lemma index_tovec_append:
  fixes u :: "real^'q::finite"
  assumes "a < CARD('q) + dim_vec x"
  shows "vec_index (tovec u @\<^sub>v x) a = (if a < CARD('q) then u $ qidx a else vec_index x (a - CARD('q)))"
  using assms by (simp add: tovec_def)

lemma index_smom: "a < d \<Longrightarrow> b < d \<Longrightarrow> smom M d f $$ (a,b) = (\<integral>\<omega>. vec_index (f \<omega>) a * vec_index (f \<omega>) b \<partial>M)"
  and smom_carrier: "smom M d f \<in> carrier_mat d d"
  by (simp_all add: smom_def)

lemma index_mult_mat_Vvec:
  assumes "W \<in> carrier_mat d d" "b < d"
  shows "vec_index (W *\<^sub>v Vvec d Z X \<pi> kk h \<omega>) b
       = (\<Sum>k<d. W $$ (b,k) * ((of_bool (Z \<omega> = kk k) - \<pi> (kk k)) * h k (X \<omega>)))"
  using assms by (auto simp: Vvec_def scalar_prod_def atLeast0LessThan intro!: sum.cong)

lemma scalar_prod_self_nonneg: "0 \<le> v \<bullet> (v :: real vec)"
  by (simp add: scalar_prod_def sum_nonneg)

lemma scalar_prod_self_mult_mat_vec_minus_tovec:
  fixes A :: "real mat" and s :: "real^'q::finite"
  assumes "A \<in> carrier_mat CARD('q) d" "x \<in> carrier_vec d"
  shows "(A *\<^sub>v x - tovec s) \<bullet> (A *\<^sub>v x - tovec s)
       = (\<Sum>j<CARD('q). ((\<Sum>b<d. A $$ (j,b) * vec_index x b) - s $ qidx j)\<^sup>2)"
  using assms
  by (auto simp: scalar_prod_def tovec_def atLeast0LessThan power2_eq_square intro!: sum.cong)

locale randomized_treatment = prob_space M for M :: "'w measure" +
  fixes X :: "'w \<Rightarrow> 'x" and MX :: "'x measure" and Z :: "'w \<Rightarrow> nat" and K :: nat and \<pi> :: "nat \<Rightarrow> real"
  assumes Z_measurable: "Z \<in> measurable M (count_space UNIV)"
    and X_measurable: "X \<in> measurable M MX"
    and Z_le: "\<forall>\<omega>\<in>space M. Z \<omega> \<le> K"
    and pi_eq_prob: "\<forall>k. \<pi> k = measure M {\<omega> \<in> space M. Z \<omega> = k}"
    and Z_X_indep: "\<forall>k. \<forall>B\<in>sets MX. measure M ({\<omega>\<in>space M. Z \<omega> = k} \<inter> (X -` B \<inter> space M))
              = measure M {\<omega>\<in>space M. Z \<omega> = k} * measure M (X -` B \<inter> space M)"
begin
(* For $\alpha>1$ let $R_1$ be the rectangle with vertices $(\pm\tfrac12,\pm\tfrac\alpha2,0)$, $R_2$ the rectangle with vertices $(\pm\tfrac\alpha2,0,\pm\tfrac12)$, and $R_3$ the rectangle with vertices $(0,\pm\tfrac12,\pm\tfrac\alpha2)$ (each with side lengths $1$ and $\alpha$); these form the Borromean rings. The minimum distance energy of $R_1\cup R_2\cup R_3$ is $$E_B(\alpha)=6\left(17\alpha^2+\frac{16\alpha}{\alpha^2+1}+\frac{16}{2\alpha^2-2\alpha+1}+\frac{8\alpha}{(\alpha-1)^2}+\frac{8\alpha}{(\alpha+1)^2}+\frac{1}{\alpha^2}\right),$$ in which each rectangle contributes self-energy $2(\alpha^2+\alpha^{-2})$. The minimum of $E_B$ over $\alpha>1$ is attained at $\alpha^*\approx1.756$, with $E_B(\alpha^* )\approx542.6$.
   Context: For a link of closed polygons in $\mathbb R^3$ (each with at least four edges), the minimum distance (MD) energy is $E_{MD}=\sum_{(e,e')}\frac{\ell_e\ell_{e'}}{\mathrm{MD}(e,e')^2}$, summed over all ordered pairs $(e,e')$ of distinct edges that share no vertex (edges on different components never share a vertex), where $\ell_e$ is the length of edge $e$ and $\mathrm{MD}(e,e')$ is the minimum Euclidean distance between the two closed line segments. With this convention a square has MD energy $4$. *)

theory Defs
  imports "HOL-Analysis.Analysis"
begin

text \<open>A closed polygon in R^3 is given by its cyclic list of vertices; a link is a
  list of polygons (its components).\<close>

type_synonym polygon = "(real^3) list"

definition edge_ends :: "polygon list \<Rightarrow> nat \<times> nat \<Rightarrow> (real^3) \<times> (real^3)" where
  "edge_ends L e = (let P = L ! fst e; n = length P in (P ! snd e, P ! ((snd e + 1) mod n)))"

definition link_edges :: "polygon list \<Rightarrow> (nat \<times> nat) set" where
  "link_edges L = {(k, i). k < length L \<and> i < length (L ! k)}"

######

_YOUR GOAL_.
A full, exact copy of the entries is required. Return it.

_RESPONSE TO THIS TASK_.
lemma index_tovec_append:
  fixes u :: "real^'q::finite"
  assumes "a < CARD('q) + dim_vec x"
  shows "vec_index (tovec u @\<^sub>v x) a = (if a < CARD('q) then u $ qidx a else vec_index x (a - CARD('q)))"
  using assms by (simp add: tovec_def)

lemma index_smom: "a < d \<Longrightarrow> b < d \<Longrightarrow> smom M d f $$ (a,b) = (\<integral>\<omega>. vec_index (f \<omega>) a * vec_index (f \<omega>) b \<partial>M)"
  and smom_carrier: "smom M d f \<in> carrier_mat d d"
  by (simp_all add: smom_def)

lemma index_mult_mat_Vvec:
  assumes "W \<in> carrier_mat d d" "b < d"
  shows "vec_index (W *\<^sub>v Vvec d Z X \<pi> kk h \<omega>) b
       = (\<Sum>k<d. W $$ (b,k) * ((of_bool (Z \<omega> = kk k) - \<pi> (kk k)) * h k (X \<omega>)))"
  using assms by (auto simp: Vvec_def scalar_prod_def atLeast0LessThan intro!: sum.cong)

lemma scalar_prod_self_nonneg: "0 \<le> v \<bullet> (v :: real vec)"
  by (simp add: scalar_prod_def sum_nonneg)

lemma scalar_prod_self_mult_mat_vec_minus_tovec:
  fixes A :: "real mat" and s :: "real^'q::finite"
  assumes "A \<in> carrier_mat CARD('q) d" "x \<in> carrier_vec d"
  shows "(A *\<^sub>v x - tovec s) \<bullet> (A *\<^sub>v x - tovec s)
       = (\<Sum>j<CARD('q). ((\<Sum>b<d. A $$ (j,b) * vec_index x b) - s $ qidx j)\<^sup>2)"
  using assms
  by (auto simp: scalar_prod_def tovec_def atLeast0LessThan power2_eq_square intro!: sum.cong)

locale randomized_treatment = prob_space M for M :: "'w measure" +
  fixes X :: "'w \<Rightarrow> 'x" and MX :: "'x measure" and Z :: "'w \<Rightarrow> nat" and K :: nat and \<pi> :: "nat \<Rightarrow> real"
  assumes Z_measurable: "Z \<in> measurable M (count_space UNIV)"
    and X_measurable: "X \<in> measurable M MX"
    and Z_le: "\<forall>\<omega>\<in>space M. Z \<omega> \<le> K"
    and pi_eq_prob: "\<forall>k. \<pi> k = measure M {\<omega> \<in> space M. Z \<omega> = k}"
    and Z_X_indep: "\<forall>k. \<forall>B\<in>sets MX. measure M ({\<omega>\<in>space M. Z \<omega> = k} \<inter> (X -` B \<inter> space M))
              = measure M {\<omega>\<in>space M. Z \<omega> = k} * measure M (X -` B \<inter> space M)"
begin
(* For $\alpha>1$ let $R_1$ be the rectangle with vertices $(\pm\tfrac12,\pm\tfrac\alpha2,0)$, $R_2$ the rectangle with vertices $(\pm\tfrac\alpha2,0,\pm\tfrac12)$, and $R_3$ the rectangle with vertices $(0,\pm\tfrac12,\pm\tfrac\alpha2)$ (each with side lengths $1$ and $\alpha$); these form the Borromean rings. The minimum distance energy of $R_1\cup R_2\cup R_3$ is $$E_B(\alpha)=6\left(17\alpha^2+\frac{16\alpha}{\alpha^2+1}+\frac{16}{2\alpha^2-2\alpha+1}+\frac{8\alpha}{(\alpha-1)^2}+\frac{8\alpha}{(\alpha+1)^2}+\frac{1}{\alpha^2}\right),$$ in which each rectangle contributes self-energy $2(\alpha^2+\alpha^{-2})$. The minimum of $E_B$ over $\alpha>1$ is attained at $\alpha^*\approx1.756$, with $E_B(\alpha^* )\approx542.6$.
   Context: For a link of closed polygons in $\mathbb R^3$ (each with at least four edges), the minimum distance (MD) energy is $E_{MD}=\sum_{(e,e')}\frac{\ell_e\ell_{e'}}{\mathrm{MD}(e,e')^2}$, summed over all ordered pairs $(e,e')$ of distinct edges that share no vertex (edges on different components never share a vertex), where $\ell_e$ is the length of edge $e$ and $\mathrm{MD}(e,e')$ is the minimum Euclidean distance between the two closed line segments. With this convention a square has MD energy $4$. *)

theory Defs
  imports "HOL-Analysis.Analysis"
begin

text \<open>A closed polygon in R^3 is given by its cyclic list of vertices; a link is a
  list of polygons (its components).\<close>

type_synonym polygon = "(real^3) list"

definition edge_ends :: "polygon list \<Rightarrow> nat \<times> nat \<Rightarrow> (real^3) \<times> (real^3)" where
  "edge_ends L e = (let P = L ! fst e; n = length P in (P ! snd e, P ! ((snd e + 1) mod n)))"

definition link_edges :: "polygon list \<Rightarrow> (nat \<times> nat) set" where
  "link_edges L = {(k, i). k < length L \<and> i < length (L ! k)}"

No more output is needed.